Information:
(* Let $1<q<p<N$, $N\ge2$, $p^\ast=Np/(N-p)$, and $N(p-1)/(N-p)<s<p^\ast$. Let $(\varepsilon_j)$, $(\delta_j)$ be sequences with $\varepsilon_j\to0$, $0<\delta_j\le1$, $\varepsilon_j/\delta_j\to0$. Then $$\frac{\int_{\mathbb{R}^N}|\nabla v_{\varepsilon_j,\delta_j}|^q\,dx}{\int_{\mathbb{R}^N}v_{\varepsilon_j,\delta_j}^s\,dx}=\begin{cases}\Theta\big(\varepsilon_j^{[(N-p)s-Nq]/p}\big),& q>\frac{N(p-1)}{N-1},\\ \Theta\big(\varepsilon_j^{[(N-p)s-Nq]/p}\,|\log(\varepsilon_j/\delta_j)|\big),& q=\frac{N(p-1)}{N-1},\\ \Theta\big(\varepsilon_j^{[(N-p)(s+q/(p-1))-Np]/p}\,\delta_j^{[N(p-1)-(N-1)q]/(p-1)}\big),& q<\frac{N(p-1)}{N-1},\end{cases}$$ and $$\frac{(\varepsilon_j/\delta_j)^{(N-p)/(p-1)}}{\int_{\mathbb{R}^N}v_{\varepsilon_j,\delta_j}^s\,dx}=\Theta\big(\varepsilon_j^{[(N-p)(p-1)s-(Np-2N+p)p]/(p(p-1))}\,\delta_j^{-(N-p)/(p-1)}\big).$$
   Context: Fix $\rho>0$ and $\psi\in C^\infty_0(B_\rho(0))$ with $0\le\psi\le1$, $\psi=1$ on $B_{\rho/2}(0)$. For $\varepsilon>0$, $0<\delta\le1$, $u_{\varepsilon,\delta}(x)=\psi(x/\delta)\big(\varepsilon^{p/(p-1)}+|x|^{p/(p-1)}\big)^{-(N-p)/p}$ and $v_{\varepsilon,\delta}=u_{\varepsilon,\delta}/\|u_{\varepsilon,\delta}\|_{L^{p^\ast}(\mathbb{R}^N)}$. Notation: $A_j=\Theta(B_j)$ means there are constants $c,C>0$ with $c|B_j|\le|A_j|\le C|B_j|$ for all sufficiently large $j$. *)

theory Defs
  imports "HOL-Analysis.Analysis"
begin

fun dpart :: "'a::euclidean_space list \<Rightarrow> ('a \<Rightarrow> real) \<Rightarrow> ('a \<Rightarrow> real)" where
  "dpart [] f = f"
| "dpart (d # ds) f = (\<lambda>x. frechet_derivative (dpart ds f) (at x) d)"

definition smooth_fun :: "('a::euclidean_space \<Rightarrow> real) \<Rightarrow> bool" where
  "smooth_fun f \<longleftrightarrow> (\<forall>ds. set ds \<subseteq> Basis \<longrightarrow> dpart ds f differentiable_on UNIV)"

definition grad :: "('a::euclidean_space \<Rightarrow> real) \<Rightarrow> 'a \<Rightarrow> 'a" where
  "grad f x = (\<Sum>i\<in>Basis. frechet_derivative f (at x) i *\<^sub>R i)"

definition u_fun :: "real \<Rightarrow> real \<Rightarrow> ('a::euclidean_space \<Rightarrow> real) \<Rightarrow> real \<Rightarrow> real \<Rightarrow> 'a \<Rightarrow> real" where
  "u_fun N p \<psi> \<epsilon> \<delta> x =
     \<psi> ((1 / \<delta>) *\<^sub>R x) * (\<epsilon> powr (p/(p-1)) + norm x powr (p/(p-1))) powr (-(N-p)/p)"

definition Lnorm :: "real \<Rightarrow> ('a::euclidean_space \<Rightarrow> real) \<Rightarrow> real" where
  "Lnorm r f = (integral\<^sup>L lborel (\<lambda>x. \<bar>f x\<bar> powr r)) powr (1/r)"

definition v_fun :: "real \<Rightarrow> real \<Rightarrow> ('a::euclidean_space \<Rightarrow> real) \<Rightarrow> real \<Rightarrow> real \<Rightarrow> 'a \<Rightarrow> real" where
  "v_fun N p \<psi> \<epsilon> \<delta> x = u_fun N p \<psi> \<epsilon> \<delta> x / Lnorm (N*p/(N-p)) (u_fun N p \<psi> \<epsilon> \<delta>)"

definition Theta_seq :: "(nat \<Rightarrow> real) \<Rightarrow> (nat \<Rightarrow> real) \<Rightarrow> bool" where
  "Theta_seq A B \<longleftrightarrow> (\<exists>c C. c > 0 \<and> C > 0 \<and>
      (\<forall>\<^sub>F j in sequentially. c * \<bar>B j\<bar> \<le> \<bar>A j\<bar> \<and> \<bar>A j\<bar> \<le> C * \<bar>B j\<bar>))"

end

(*
  u is the Aubin-Talenti bubble U(x) = (eps^a + |x|^a)^(-b), a = p/(p-1), b = (N-p)/p, cut off
  at radius delta*rho; U is comparable to eps^(-gamma) on |x| < eps and to |x|^(-gamma) outside,
  gamma = (N-p)/(p-1). Every moment is estimated by comparing the integrand with its values on
  the dyadic shells eps*2^k <= |x| < eps*2^(k+1), k < K, where 2^K is about delta*rho/eps.
  For t*gamma > N this gives int u^t = Theta(eps^(N - gamma*t)). For the gradient the shells give
  eps^theta * sum_{k<K} 2^(k*theta) with theta = N - q*(gamma+1), and the cut-off annulus adds
  delta^theta. The geometric sum is bounded, equal to K = Theta(log(delta/eps)), or of order
  (delta/eps)^theta according as q is above, at or below N(p-1)/(N-1). Normalising by the
  L^{p*} norm, itself Theta(eps^(-(N-p)/(p(p-1)))), yields the stated exponents.
*)

theory Submission
  imports Defs "HOL-Library.Landau_Symbols"
begin

lemma Theta_seq_iff_bigtheta: "Theta_seq A B \<longleftrightarrow> A \<in> \<Theta>(B)"
proof
  assume "Theta_seq A B"
  then obtain c C where "0 < c" "0 < C"
    "\<forall>\<^sub>F j in sequentially. c * \<bar>B j\<bar> \<le> \<bar>A j\<bar> \<and> \<bar>A j\<bar> \<le> C * \<bar>B j\<bar>"
    unfolding Theta_seq_def by blast
  then show "A \<in> \<Theta>(B)" by (intro bigthetaI') (simp_all only: real_norm_def)
next
  assume "A \<in> \<Theta>(B)"
  then obtain c C where "0 < c" "0 < C"
    "\<forall>\<^sub>F j in sequentially. \<bar>A j\<bar> \<le> C * \<bar>B j\<bar>" "\<forall>\<^sub>F j in sequentially. c * \<bar>B j\<bar> \<le> \<bar>A j\<bar>"
    unfolding bigtheta_def by (elim landau_o.bigE landau_omega.bigE IntE) (simp only: real_norm_def)
  then show "Theta_seq A B" unfolding Theta_seq_def using eventually_conj by blast
qed

lemma bigthetaI_nonneg_bounds:
  fixes f g :: "'a \<Rightarrow> real"
  assumes "0 < c" "0 < C" "\<forall>\<^sub>F x in F. 0 \<le> g x \<and> c * g x \<le> f x \<and> f x \<le> C * g x"
  shows "f \<in> \<Theta>[F](g)"
  using assms(3)
proof (intro bigthetaI'[OF assms(1,2)], eventually_elim)
  case (elim x)
  then have "0 \<le> f x" using assms(1) by (smt (verit) mult_nonneg_nonneg)
  then show ?case using elim by simp
qed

The task:
Show each line of the material that includes the word "imports".

Written response:
  imports "HOL-Analysis.Analysis"
  imports Defs "HOL-Library.Landau_Symbols"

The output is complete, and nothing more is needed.